[DATA SHOWN]
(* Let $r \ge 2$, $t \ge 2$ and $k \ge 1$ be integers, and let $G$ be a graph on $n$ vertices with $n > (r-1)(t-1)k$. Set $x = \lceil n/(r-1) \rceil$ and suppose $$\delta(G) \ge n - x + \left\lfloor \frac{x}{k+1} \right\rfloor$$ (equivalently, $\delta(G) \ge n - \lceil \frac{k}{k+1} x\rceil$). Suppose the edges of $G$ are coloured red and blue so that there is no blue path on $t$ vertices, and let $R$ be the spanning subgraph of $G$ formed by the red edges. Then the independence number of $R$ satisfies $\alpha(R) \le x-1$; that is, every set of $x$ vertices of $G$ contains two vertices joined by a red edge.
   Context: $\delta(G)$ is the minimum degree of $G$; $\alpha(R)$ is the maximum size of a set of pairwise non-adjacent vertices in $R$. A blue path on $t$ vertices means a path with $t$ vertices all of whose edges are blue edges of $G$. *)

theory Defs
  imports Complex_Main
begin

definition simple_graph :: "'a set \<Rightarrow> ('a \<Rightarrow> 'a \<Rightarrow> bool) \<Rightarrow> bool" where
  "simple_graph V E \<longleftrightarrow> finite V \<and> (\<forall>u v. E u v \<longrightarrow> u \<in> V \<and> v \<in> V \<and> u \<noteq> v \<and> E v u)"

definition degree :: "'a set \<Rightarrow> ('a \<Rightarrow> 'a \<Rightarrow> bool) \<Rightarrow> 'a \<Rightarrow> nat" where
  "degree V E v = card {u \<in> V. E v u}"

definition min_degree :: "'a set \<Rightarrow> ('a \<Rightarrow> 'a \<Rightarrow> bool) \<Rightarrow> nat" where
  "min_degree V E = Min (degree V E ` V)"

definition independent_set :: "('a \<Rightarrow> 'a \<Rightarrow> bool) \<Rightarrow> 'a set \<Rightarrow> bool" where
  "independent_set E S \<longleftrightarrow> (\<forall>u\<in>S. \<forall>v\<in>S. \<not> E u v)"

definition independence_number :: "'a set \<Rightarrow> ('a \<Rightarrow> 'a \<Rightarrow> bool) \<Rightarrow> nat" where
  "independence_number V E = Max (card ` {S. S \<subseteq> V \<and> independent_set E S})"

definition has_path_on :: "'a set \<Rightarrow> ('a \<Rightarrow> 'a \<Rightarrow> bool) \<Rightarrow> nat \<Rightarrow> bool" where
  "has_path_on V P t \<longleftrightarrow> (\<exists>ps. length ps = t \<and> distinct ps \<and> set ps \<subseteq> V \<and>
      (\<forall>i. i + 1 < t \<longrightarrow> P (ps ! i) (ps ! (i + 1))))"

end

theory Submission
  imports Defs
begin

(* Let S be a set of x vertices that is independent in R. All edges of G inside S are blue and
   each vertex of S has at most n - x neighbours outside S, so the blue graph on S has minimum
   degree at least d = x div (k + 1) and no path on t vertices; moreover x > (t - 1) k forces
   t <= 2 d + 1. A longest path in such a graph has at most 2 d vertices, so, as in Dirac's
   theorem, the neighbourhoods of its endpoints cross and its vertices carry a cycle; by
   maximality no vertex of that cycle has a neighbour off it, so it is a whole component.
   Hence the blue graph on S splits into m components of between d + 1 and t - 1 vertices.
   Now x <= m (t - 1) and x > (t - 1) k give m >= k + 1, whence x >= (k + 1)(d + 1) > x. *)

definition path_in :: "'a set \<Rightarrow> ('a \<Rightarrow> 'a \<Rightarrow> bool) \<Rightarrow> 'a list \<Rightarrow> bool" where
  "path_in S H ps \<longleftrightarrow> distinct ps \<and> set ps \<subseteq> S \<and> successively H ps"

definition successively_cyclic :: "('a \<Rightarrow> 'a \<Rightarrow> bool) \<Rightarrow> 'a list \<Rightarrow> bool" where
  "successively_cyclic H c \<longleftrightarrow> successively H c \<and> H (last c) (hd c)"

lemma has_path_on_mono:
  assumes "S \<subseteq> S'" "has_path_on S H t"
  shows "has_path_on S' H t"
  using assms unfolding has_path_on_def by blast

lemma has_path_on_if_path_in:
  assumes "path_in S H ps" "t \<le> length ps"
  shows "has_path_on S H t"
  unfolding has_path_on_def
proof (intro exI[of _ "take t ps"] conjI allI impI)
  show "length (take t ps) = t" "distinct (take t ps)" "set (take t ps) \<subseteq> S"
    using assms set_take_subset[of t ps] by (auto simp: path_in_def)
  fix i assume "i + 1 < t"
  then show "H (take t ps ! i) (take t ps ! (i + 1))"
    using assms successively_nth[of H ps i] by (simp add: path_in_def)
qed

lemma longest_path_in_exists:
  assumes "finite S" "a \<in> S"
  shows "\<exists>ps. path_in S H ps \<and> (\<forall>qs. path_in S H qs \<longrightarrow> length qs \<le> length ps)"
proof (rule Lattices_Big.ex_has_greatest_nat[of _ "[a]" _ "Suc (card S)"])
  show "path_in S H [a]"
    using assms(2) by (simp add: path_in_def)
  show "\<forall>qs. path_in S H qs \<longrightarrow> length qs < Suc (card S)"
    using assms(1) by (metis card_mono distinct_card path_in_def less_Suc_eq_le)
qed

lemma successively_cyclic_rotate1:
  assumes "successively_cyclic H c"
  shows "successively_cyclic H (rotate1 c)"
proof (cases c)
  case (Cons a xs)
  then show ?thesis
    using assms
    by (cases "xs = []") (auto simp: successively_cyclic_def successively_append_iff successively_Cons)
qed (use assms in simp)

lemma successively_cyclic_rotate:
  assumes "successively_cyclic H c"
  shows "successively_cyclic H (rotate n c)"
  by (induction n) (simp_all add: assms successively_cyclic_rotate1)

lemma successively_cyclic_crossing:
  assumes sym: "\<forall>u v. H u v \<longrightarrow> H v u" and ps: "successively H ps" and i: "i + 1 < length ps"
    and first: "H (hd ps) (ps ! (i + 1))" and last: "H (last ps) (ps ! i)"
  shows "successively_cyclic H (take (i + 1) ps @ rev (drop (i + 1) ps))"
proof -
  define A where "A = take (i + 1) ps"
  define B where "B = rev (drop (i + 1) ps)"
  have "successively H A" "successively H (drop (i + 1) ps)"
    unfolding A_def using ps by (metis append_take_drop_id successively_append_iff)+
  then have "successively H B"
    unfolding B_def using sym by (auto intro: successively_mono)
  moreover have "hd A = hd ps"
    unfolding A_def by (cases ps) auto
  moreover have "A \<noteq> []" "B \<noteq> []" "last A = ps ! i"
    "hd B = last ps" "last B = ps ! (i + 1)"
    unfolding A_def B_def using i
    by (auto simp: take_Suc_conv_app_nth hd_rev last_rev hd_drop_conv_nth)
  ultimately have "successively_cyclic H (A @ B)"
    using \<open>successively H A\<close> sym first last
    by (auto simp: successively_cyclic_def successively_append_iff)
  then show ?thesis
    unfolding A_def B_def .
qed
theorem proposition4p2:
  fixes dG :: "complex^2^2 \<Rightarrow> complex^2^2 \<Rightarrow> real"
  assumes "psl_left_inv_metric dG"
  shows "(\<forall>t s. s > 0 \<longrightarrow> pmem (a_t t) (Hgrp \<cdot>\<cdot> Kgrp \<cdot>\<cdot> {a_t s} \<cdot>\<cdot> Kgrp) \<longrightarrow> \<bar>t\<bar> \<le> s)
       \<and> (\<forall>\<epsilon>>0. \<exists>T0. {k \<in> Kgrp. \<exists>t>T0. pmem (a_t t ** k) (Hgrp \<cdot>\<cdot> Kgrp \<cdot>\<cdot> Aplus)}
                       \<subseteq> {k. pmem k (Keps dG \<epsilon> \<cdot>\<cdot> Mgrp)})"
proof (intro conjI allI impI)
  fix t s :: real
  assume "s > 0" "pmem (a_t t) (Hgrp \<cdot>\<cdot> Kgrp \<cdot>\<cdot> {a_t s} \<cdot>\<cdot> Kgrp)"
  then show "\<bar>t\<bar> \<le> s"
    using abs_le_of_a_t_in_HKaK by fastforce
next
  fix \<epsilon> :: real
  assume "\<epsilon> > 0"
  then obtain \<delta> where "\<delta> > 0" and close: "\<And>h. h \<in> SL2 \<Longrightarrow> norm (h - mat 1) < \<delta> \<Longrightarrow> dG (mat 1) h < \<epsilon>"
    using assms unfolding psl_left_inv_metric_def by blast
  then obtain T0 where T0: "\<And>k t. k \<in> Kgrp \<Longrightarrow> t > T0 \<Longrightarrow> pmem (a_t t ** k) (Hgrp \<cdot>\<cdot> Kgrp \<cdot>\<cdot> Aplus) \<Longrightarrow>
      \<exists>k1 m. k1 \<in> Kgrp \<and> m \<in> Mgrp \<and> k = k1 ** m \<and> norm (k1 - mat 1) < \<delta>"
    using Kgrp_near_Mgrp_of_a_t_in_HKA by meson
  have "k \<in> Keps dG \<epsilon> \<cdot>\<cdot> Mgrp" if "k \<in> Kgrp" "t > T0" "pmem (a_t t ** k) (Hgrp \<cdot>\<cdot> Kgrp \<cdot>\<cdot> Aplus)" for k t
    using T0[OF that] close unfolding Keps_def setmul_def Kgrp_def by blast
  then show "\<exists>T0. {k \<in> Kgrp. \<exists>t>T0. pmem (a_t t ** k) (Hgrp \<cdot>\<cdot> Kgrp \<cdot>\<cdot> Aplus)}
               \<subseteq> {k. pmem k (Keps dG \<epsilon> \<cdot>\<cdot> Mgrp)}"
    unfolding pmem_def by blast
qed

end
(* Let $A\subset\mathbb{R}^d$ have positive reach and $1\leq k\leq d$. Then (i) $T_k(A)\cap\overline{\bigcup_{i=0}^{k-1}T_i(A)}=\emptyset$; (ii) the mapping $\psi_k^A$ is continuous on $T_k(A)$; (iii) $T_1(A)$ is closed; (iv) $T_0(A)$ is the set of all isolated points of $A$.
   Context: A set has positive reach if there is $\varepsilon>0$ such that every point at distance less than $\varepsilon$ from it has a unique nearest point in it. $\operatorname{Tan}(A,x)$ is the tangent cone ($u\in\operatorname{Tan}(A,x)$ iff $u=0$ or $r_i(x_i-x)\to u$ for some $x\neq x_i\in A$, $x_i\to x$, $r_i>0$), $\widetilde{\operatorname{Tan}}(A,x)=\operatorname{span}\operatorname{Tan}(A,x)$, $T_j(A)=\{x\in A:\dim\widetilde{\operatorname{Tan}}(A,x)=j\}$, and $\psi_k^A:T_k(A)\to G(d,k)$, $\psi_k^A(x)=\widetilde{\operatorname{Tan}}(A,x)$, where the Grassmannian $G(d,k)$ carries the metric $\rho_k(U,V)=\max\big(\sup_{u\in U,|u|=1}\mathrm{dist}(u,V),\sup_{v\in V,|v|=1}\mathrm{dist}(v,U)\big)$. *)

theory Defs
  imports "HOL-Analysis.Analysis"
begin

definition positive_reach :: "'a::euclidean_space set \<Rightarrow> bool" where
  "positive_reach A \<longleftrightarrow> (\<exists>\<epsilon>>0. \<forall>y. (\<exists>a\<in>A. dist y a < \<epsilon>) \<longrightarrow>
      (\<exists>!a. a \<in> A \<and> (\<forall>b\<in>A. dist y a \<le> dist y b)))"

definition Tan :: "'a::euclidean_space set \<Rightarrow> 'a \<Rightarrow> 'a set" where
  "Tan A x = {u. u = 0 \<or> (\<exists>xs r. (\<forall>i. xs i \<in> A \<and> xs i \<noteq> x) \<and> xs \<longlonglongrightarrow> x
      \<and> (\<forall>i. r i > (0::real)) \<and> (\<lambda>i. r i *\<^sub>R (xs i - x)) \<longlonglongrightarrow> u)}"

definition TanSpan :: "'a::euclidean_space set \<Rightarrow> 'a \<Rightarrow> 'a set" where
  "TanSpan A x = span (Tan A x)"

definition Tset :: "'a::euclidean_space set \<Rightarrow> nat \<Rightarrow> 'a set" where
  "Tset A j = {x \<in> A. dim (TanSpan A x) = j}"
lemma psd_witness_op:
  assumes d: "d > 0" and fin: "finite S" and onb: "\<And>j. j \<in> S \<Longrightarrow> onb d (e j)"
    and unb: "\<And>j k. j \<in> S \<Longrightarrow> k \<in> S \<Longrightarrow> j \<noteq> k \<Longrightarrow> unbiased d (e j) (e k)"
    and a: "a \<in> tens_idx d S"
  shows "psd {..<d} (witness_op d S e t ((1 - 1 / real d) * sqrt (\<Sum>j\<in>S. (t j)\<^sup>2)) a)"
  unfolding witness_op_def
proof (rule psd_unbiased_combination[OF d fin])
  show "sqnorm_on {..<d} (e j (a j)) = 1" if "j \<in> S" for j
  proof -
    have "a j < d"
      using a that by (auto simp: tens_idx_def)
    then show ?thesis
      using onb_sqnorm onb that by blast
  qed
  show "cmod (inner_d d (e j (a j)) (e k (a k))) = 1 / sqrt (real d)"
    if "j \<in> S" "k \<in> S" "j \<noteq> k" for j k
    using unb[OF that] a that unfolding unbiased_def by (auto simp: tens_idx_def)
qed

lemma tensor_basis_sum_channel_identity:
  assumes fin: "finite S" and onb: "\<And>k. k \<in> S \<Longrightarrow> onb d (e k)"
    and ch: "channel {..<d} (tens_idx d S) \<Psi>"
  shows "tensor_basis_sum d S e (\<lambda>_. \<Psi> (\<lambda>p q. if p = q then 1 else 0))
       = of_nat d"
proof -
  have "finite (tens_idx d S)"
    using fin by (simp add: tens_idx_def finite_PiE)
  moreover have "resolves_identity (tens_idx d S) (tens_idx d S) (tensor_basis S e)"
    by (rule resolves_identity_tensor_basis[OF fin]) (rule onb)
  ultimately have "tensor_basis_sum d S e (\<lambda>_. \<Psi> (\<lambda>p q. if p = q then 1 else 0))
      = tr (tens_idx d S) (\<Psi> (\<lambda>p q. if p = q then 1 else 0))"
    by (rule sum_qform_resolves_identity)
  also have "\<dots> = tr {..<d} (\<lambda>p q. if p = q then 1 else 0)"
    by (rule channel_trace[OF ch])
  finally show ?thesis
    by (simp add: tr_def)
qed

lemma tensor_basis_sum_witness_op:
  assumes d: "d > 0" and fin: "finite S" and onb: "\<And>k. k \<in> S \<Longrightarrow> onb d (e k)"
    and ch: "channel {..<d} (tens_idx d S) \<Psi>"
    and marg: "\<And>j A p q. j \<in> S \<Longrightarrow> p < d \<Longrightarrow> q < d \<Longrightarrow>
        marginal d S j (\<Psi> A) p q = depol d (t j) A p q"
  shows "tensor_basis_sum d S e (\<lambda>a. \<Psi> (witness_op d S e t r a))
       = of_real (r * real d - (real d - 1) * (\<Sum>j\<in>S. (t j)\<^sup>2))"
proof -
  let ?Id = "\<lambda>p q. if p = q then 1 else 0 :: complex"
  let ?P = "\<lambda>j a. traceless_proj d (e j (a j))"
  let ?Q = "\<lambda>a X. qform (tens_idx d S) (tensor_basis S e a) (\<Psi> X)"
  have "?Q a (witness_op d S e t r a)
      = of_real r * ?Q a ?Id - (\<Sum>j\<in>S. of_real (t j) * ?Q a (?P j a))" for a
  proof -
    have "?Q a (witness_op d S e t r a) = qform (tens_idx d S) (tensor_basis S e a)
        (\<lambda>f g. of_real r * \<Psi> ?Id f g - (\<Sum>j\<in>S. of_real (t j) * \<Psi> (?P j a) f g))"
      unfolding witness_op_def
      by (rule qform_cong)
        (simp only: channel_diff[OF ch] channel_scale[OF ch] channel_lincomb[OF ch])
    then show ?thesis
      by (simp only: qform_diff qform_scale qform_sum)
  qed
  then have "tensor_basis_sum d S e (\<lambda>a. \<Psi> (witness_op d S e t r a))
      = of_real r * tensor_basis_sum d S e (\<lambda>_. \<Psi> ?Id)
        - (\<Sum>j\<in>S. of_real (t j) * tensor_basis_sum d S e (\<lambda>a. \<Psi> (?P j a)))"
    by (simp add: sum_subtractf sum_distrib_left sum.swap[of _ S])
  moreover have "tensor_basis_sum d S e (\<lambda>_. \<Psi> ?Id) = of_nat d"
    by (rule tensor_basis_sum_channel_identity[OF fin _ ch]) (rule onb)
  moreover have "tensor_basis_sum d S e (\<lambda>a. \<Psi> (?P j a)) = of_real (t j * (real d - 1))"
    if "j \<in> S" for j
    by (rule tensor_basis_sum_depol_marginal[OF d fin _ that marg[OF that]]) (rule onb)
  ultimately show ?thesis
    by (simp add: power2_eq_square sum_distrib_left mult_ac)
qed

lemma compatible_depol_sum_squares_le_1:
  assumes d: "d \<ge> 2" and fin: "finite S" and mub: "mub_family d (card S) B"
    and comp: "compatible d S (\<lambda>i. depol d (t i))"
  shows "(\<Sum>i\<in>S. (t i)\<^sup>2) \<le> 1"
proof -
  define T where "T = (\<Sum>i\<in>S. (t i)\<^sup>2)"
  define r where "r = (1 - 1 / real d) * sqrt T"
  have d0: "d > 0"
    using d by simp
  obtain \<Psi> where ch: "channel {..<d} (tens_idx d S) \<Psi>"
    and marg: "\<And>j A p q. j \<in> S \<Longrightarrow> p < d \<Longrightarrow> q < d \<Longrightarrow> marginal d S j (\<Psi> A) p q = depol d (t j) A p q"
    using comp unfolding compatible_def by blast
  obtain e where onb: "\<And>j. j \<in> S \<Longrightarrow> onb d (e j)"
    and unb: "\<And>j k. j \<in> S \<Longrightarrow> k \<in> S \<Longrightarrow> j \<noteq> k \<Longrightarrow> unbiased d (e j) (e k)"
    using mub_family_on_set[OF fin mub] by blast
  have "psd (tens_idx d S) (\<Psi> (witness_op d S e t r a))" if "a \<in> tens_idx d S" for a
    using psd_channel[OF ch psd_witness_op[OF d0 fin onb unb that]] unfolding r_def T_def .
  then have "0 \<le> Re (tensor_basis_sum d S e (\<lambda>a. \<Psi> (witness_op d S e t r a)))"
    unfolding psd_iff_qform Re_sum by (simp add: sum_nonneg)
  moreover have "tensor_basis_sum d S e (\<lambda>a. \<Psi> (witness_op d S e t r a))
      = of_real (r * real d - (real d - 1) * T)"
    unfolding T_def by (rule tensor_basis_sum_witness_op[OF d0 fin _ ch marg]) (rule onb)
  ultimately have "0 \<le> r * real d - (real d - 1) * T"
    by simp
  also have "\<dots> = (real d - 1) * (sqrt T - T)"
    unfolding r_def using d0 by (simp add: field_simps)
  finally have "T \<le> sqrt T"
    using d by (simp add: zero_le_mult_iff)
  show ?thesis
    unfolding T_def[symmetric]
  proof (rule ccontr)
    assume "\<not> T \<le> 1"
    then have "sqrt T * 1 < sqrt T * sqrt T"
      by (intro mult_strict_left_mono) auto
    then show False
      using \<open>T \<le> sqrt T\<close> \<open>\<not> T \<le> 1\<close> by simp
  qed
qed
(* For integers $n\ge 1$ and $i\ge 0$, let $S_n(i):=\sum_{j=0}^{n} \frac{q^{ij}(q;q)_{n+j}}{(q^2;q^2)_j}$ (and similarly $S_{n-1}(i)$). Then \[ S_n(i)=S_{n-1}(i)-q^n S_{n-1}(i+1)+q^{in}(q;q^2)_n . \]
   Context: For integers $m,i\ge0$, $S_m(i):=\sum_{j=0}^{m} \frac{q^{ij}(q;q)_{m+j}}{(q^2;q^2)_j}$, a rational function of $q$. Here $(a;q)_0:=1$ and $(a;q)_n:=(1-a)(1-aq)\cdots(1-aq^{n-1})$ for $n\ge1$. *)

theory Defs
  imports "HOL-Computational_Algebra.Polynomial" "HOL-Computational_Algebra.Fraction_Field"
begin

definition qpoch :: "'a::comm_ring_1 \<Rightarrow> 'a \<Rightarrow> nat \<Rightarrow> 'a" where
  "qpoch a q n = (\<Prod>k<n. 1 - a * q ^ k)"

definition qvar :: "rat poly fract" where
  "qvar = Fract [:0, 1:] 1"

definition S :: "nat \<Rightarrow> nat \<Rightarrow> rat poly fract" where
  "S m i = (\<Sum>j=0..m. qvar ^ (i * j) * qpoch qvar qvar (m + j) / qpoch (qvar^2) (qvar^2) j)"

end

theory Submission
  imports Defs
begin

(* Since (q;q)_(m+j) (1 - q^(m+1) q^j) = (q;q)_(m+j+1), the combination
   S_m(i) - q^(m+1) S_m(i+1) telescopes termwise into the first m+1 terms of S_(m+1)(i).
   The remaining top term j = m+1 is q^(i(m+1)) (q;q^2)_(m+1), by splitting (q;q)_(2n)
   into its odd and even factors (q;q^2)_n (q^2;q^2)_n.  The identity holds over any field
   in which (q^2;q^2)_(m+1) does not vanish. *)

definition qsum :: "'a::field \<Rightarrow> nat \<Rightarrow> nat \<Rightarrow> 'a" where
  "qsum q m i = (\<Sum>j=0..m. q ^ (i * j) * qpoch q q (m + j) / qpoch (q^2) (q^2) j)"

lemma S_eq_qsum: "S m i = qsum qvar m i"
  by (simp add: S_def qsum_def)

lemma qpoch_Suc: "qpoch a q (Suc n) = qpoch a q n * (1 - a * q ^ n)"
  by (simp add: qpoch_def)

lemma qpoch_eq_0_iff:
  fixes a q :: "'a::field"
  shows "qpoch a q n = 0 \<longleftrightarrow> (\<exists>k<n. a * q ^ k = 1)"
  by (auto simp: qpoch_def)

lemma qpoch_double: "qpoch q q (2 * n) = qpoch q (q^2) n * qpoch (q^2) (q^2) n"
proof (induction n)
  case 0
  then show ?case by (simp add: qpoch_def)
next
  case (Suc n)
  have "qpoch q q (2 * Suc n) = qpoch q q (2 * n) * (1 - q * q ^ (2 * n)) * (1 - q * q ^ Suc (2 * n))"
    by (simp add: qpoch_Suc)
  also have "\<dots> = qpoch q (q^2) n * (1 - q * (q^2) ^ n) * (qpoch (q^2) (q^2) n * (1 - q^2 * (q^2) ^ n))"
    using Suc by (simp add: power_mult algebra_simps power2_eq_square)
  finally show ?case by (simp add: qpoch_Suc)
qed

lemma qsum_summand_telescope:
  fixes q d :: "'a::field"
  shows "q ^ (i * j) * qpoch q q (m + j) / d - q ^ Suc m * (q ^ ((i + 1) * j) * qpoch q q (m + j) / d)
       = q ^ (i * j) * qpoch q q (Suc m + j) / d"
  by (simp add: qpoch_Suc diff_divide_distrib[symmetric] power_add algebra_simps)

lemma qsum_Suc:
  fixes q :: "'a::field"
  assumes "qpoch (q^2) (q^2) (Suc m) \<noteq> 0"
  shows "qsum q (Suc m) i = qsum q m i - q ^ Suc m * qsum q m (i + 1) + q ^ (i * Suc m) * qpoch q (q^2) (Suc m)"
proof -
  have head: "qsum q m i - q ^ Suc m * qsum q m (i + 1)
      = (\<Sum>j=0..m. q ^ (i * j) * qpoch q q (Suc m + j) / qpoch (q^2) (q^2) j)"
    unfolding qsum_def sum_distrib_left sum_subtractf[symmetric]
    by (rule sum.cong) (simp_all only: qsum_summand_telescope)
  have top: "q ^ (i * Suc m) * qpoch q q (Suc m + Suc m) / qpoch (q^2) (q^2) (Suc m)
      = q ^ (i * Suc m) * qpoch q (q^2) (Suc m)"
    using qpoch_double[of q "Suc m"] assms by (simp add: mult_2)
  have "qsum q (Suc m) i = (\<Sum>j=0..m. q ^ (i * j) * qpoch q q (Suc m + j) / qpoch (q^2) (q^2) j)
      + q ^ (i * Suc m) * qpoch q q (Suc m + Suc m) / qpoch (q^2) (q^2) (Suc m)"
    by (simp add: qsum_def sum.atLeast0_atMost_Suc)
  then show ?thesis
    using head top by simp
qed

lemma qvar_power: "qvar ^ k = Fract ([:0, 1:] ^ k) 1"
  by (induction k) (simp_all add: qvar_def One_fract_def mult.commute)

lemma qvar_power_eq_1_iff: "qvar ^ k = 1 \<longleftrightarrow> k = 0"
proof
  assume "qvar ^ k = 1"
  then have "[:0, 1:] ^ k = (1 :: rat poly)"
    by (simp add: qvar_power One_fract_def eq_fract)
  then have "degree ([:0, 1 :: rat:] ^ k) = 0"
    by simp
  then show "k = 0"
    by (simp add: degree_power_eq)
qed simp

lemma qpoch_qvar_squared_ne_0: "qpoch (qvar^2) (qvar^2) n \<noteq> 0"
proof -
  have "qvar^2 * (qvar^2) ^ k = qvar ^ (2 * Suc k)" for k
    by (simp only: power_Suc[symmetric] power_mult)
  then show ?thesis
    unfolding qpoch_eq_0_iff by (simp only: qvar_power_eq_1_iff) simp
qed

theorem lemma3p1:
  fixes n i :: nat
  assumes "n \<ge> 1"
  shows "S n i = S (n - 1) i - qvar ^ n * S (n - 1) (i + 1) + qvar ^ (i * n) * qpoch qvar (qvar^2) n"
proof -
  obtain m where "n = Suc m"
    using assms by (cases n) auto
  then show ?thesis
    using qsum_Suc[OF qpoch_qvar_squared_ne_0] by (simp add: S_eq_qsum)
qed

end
[/DATA SHOWN]
Filter the records above for "ultimately" and copy every matching line.

> **SOLUTION TO THIS TASK**
  ultimately have "successively_cyclic H (A @ B)"
  ultimately have "tensor_basis_sum d S e (\<lambda>_. \<Psi> (\<lambda>p q. if p = q then 1 else 0))
  ultimately show ?thesis
  ultimately have "0 \<le> r * real d - (real d - 1) * T"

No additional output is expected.